Панорама, доступная взору, нисколько не изменилась. Запустение и зловещая пустота, свойственная покинутым домам, как-то не ощущалась. Хоть не лежали на крышах голые красавицы, условно уединяющиеся для получения загара всем своим красивым телом, не шевелились занавески в окнах, не торчали в проемах мужики в майках с папиросами в зубах, но дома не пустовали. Где-то в них была жизнь. Скромная и испуганная, но все-таки человеческая.
Когда-то через несколько лет после развала Союза довелось быть Ивану в городе Палдиски. Уже прибалтийские ксенофобы тешили свою убогую душу, устраивая марши реабилитированных эсэсовцев, уже самовольно вывел свой парусник из порта Таллинн капитан «Крузенштерна» и добрался невредимый до Калининграда, уже пропали из продажи «Вана Таллинн» и «Рижский бальзам», уже выдавили весь военный флот с их баз. Уехали офицеры и их семьи, а дома остались. Приличные дома в три и четыре этажа, с вполне целыми оконными стеклами и полуприкрытыми дверьми подъездов тоже не выглядели разоренными, либо убогими. Они выглядели по-настоящему мертвыми, потому что в них не было людей. Может быть, правительство страны запретило занимать былые жилища «оккупантов», по крайней мере, на каждом из них чья-то рука неряшливо вывела именно это слово, причем в двуязычном варианте. Может быть, иная причина. Но рядом хотелось плакать.
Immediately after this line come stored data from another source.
lemma sum_tau_weighted:
  fixes a :: "nat \<Rightarrow> real list" and w :: "nat \<Rightarrow> int"
  assumes len: "\<forall>i<n. length (a i) = r"
  shows "(\<Sum>j<r. w j * int (tau n r a j)) = (\<Sum>i<n. \<Sum>j\<in>descent_set (a i). w j)"
proof -
  have tau: "int (tau n r a j) = (\<Sum>i<n. of_bool (j \<in> descent_set (a i)))" if "j < r" for j
  proof -
    have "{i. i < n \<and> a i ! j \<ge> a i ! ((j + 1) mod r)} = {..<n} \<inter> {i. j \<in> descent_set (a i)}"
      using len that by (auto simp: descent_set_def)
    then show ?thesis by (simp add: tau_def)
  qed
  have "(\<Sum>j<r. w j * int (tau n r a j)) = (\<Sum>j<r. \<Sum>i<n. w j * of_bool (j \<in> descent_set (a i)))"
    by (intro sum.cong refl) (simp only: tau lessThan_iff sum_distrib_left)
  also have "\<dots> = (\<Sum>i<n. \<Sum>j<r. w j * of_bool (j \<in> descent_set (a i)))"
    by (rule sum.swap)
  also have "\<dots> = (\<Sum>i<n. \<Sum>j\<in>descent_set (a i). w j)"
  proof (rule sum.cong[OF refl])
    fix i assume "i \<in> {..<n}"
    then have "descent_set (a i) \<subseteq> {..<r}" using len descent_set_subset by fastforce
    then show "(\<Sum>j<r. w j * of_bool (j \<in> descent_set (a i))) = (\<Sum>j\<in>descent_set (a i). w j)"
      by (simp add: Int_absorb1)
  qed
  finally show ?thesis .
qed

lemma par_deg_sum_eq_sums:
  assumes len: "\<forall>i<n. length (a i) = r"
  shows "par_deg_sum n r k a = real_of_int (\<Sum>j<r. k j) + (\<Sum>i<n. sum_list (a i))"
proof -
  have "par_deg_sum n r k a = (\<Sum>j<r. real_of_int (k j) + (\<Sum>i<n. a i ! j))"
    by (simp add: par_deg_sum_def par_deg_line_def interv_sum_list_conv_sum_set_nat atLeast0LessThan)
  also have "\<dots> = real_of_int (\<Sum>j<r. k j) + (\<Sum>i<n. \<Sum>j<r. a i ! j)"
    by (simp add: sum.distrib sum.swap[of _ "{..<r}"])
  also have "(\<Sum>i<n. \<Sum>j<r. a i ! j) = (\<Sum>i<n. sum_list (a i))"
    using len by (intro sum.cong[OF refl]) (simp add: sum_list_sum_nth atLeast0LessThan)
  finally show ?thesis .
qed

lemma ex_par_deg_sum_zero:
  fixes a :: "nat \<Rightarrow> real list" and s :: int
  assumes len: "\<forall>i<n. length (a i) = r"
    and descents: "(\<Sum>i<n. int (card (descent_set (a i)))) = int r * (int n - 2)"
    and weights: "(\<Sum>i<n. sum_list (a i)) = of_int s"
    and cong: "[(\<Sum>i<n. int (descent_sum (a i))) = s + (int n - 2) * (\<Sum>j<r. int j)] (mod int r)"
  shows "\<exists>k. (\<forall>j. Suc j < r \<longrightarrow> k (Suc j) = int (tau n r a j) + k j + 2 - int n)
           \<and> par_deg_sum n r k a = 0"
proof -
  define c where "c j = int (tau n r a j) + 2 - int n" for j
  define Q where "Q = (\<Sum>i<n. int (descent_sum (a i)))"
  define G where "G = (\<Sum>j<r. int j)"
  obtain k0 where k0: "Q - s - (int n - 2) * G = int r * k0"
    using cong unfolding Q_def G_def by (metis cong_iff_dvd_diff diff_diff_add dvdE)
  define k where "k j = k0 + (\<Sum>l<j. c l)" for j
  have "(\<Sum>j<r. c j) = (\<Sum>j<r. int (tau n r a j)) - int r * (int n - 2)"
    by (simp add: c_def sum.distrib sum_subtractf algebra_simps)
  then have sum_c: "(\<Sum>j<r. c j) = 0"
    using sum_tau_weighted[OF len, of "\<lambda>_. 1"] descents by simp
  have weighted_sum_c: "(\<Sum>j<r. int j * c j) = Q - (int n - 2) * G"
    using sum_tau_weighted[OF len, of int]
    by (simp add: c_def Q_def G_def descent_sum_def algebra_simps sum.distrib sum_subtractf
        sum_distrib_left sum_distrib_right)
  have "(\<Sum>j<r. k j) = int r * k0 + (\<Sum>l<r. (int r - 1 - int l) * c l)"
    by (simp add: k_def sum.distrib sum_prefix_sums)
  also have "\<dots> = int r * k0 + (int r - 1) * (\<Sum>l<r. c l) - (\<Sum>l<r. int l * c l)"
    by (simp add: left_diff_distrib sum_subtractf sum_distrib_left)
  also have "\<dots> = - s"
    using sum_c weighted_sum_c k0 by (simp add: algebra_simps)
  finally have sum_k: "(\<Sum>j<r. k j) = - s" .
  have "par_deg_sum n r k a = 0"
    unfolding par_deg_sum_eq_sums[OF len] sum_k weights by simp
  moreover have "\<forall>j. Suc j < r \<longrightarrow> k (Suc j) = int (tau n r a j) + k j + 2 - int n"
    by (simp add: k_def c_def)
  ultimately show ?thesis by blast
qed

lemma ex_good_arrangements_descent_sum_cong:
  fixes g :: "nat \<Rightarrow> real multiset"
  assumes deg: "\<forall>i<n. size (g i) = r"
    and i0: "i0 < n" "\<alpha> \<in># g i0" "count (g i0) \<alpha> < nu (g i0)"
  shows "\<exists>a. (\<forall>i<n. good_arrangement (g i) (a i)) \<and> [(\<Sum>i<n. int (descent_sum (a i))) = X] (mod int r)"
proof -
  obtain b where b: "\<And>i. good_arrangement (g i) (b i)"
    by (rule that[of "\<lambda>i. SOME xs. good_arrangement (g i) xs"]) (rule someI_ex[OF ex_good_arrangement])
  define R where "R = (\<Sum>i\<in>{..<n} - {i0}. int (descent_sum (b i)))"
  obtain y where y: "good_arrangement (g i0) y" "[int (descent_sum y) = X - R] (mod int r)"
    using ex_good_arrangement_descent_sum_cong[OF i0(2,3)] deg i0(1) by blast
  define a where "a = b(i0 := y)"
  have "(\<Sum>i<n. int (descent_sum (a i))) = int (descent_sum (a i0)) + (\<Sum>i\<in>{..<n} - {i0}. int (descent_sum (a i)))"
    using i0(1) by (intro sum.remove) auto
  also have "\<dots> = int (descent_sum y) + R"
    unfolding R_def a_def by (auto intro!: sum.cong)
  moreover have "[int (descent_sum y) + R = X] (mod int r)"
    using cong_add[OF y(2) cong_refl[of R]] by simp
  ultimately show ?thesis
    using b y(1) by (intro exI[of _ a]) (simp add: a_def)
qed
Такие чувства, такую тоску излучали эти умирающие строения.
Также и в Африке, где захваченные ангольскими, либо юаровскими, или нигерийскими неграми комфортабельные дома приходят в негодность, хотя продолжают стоять, и во многих квартирах жгут костры некогда самые «угнетаемые» народы, а в подъездах предпочитают давить из себя навоз, и бросать мусор через разбитое окно на балкон, или лоджию. И здесь, если довелось проехать поблизости в машине с решетками на окнах и вооруженными «охранниками», тоже слезы наворачиваются.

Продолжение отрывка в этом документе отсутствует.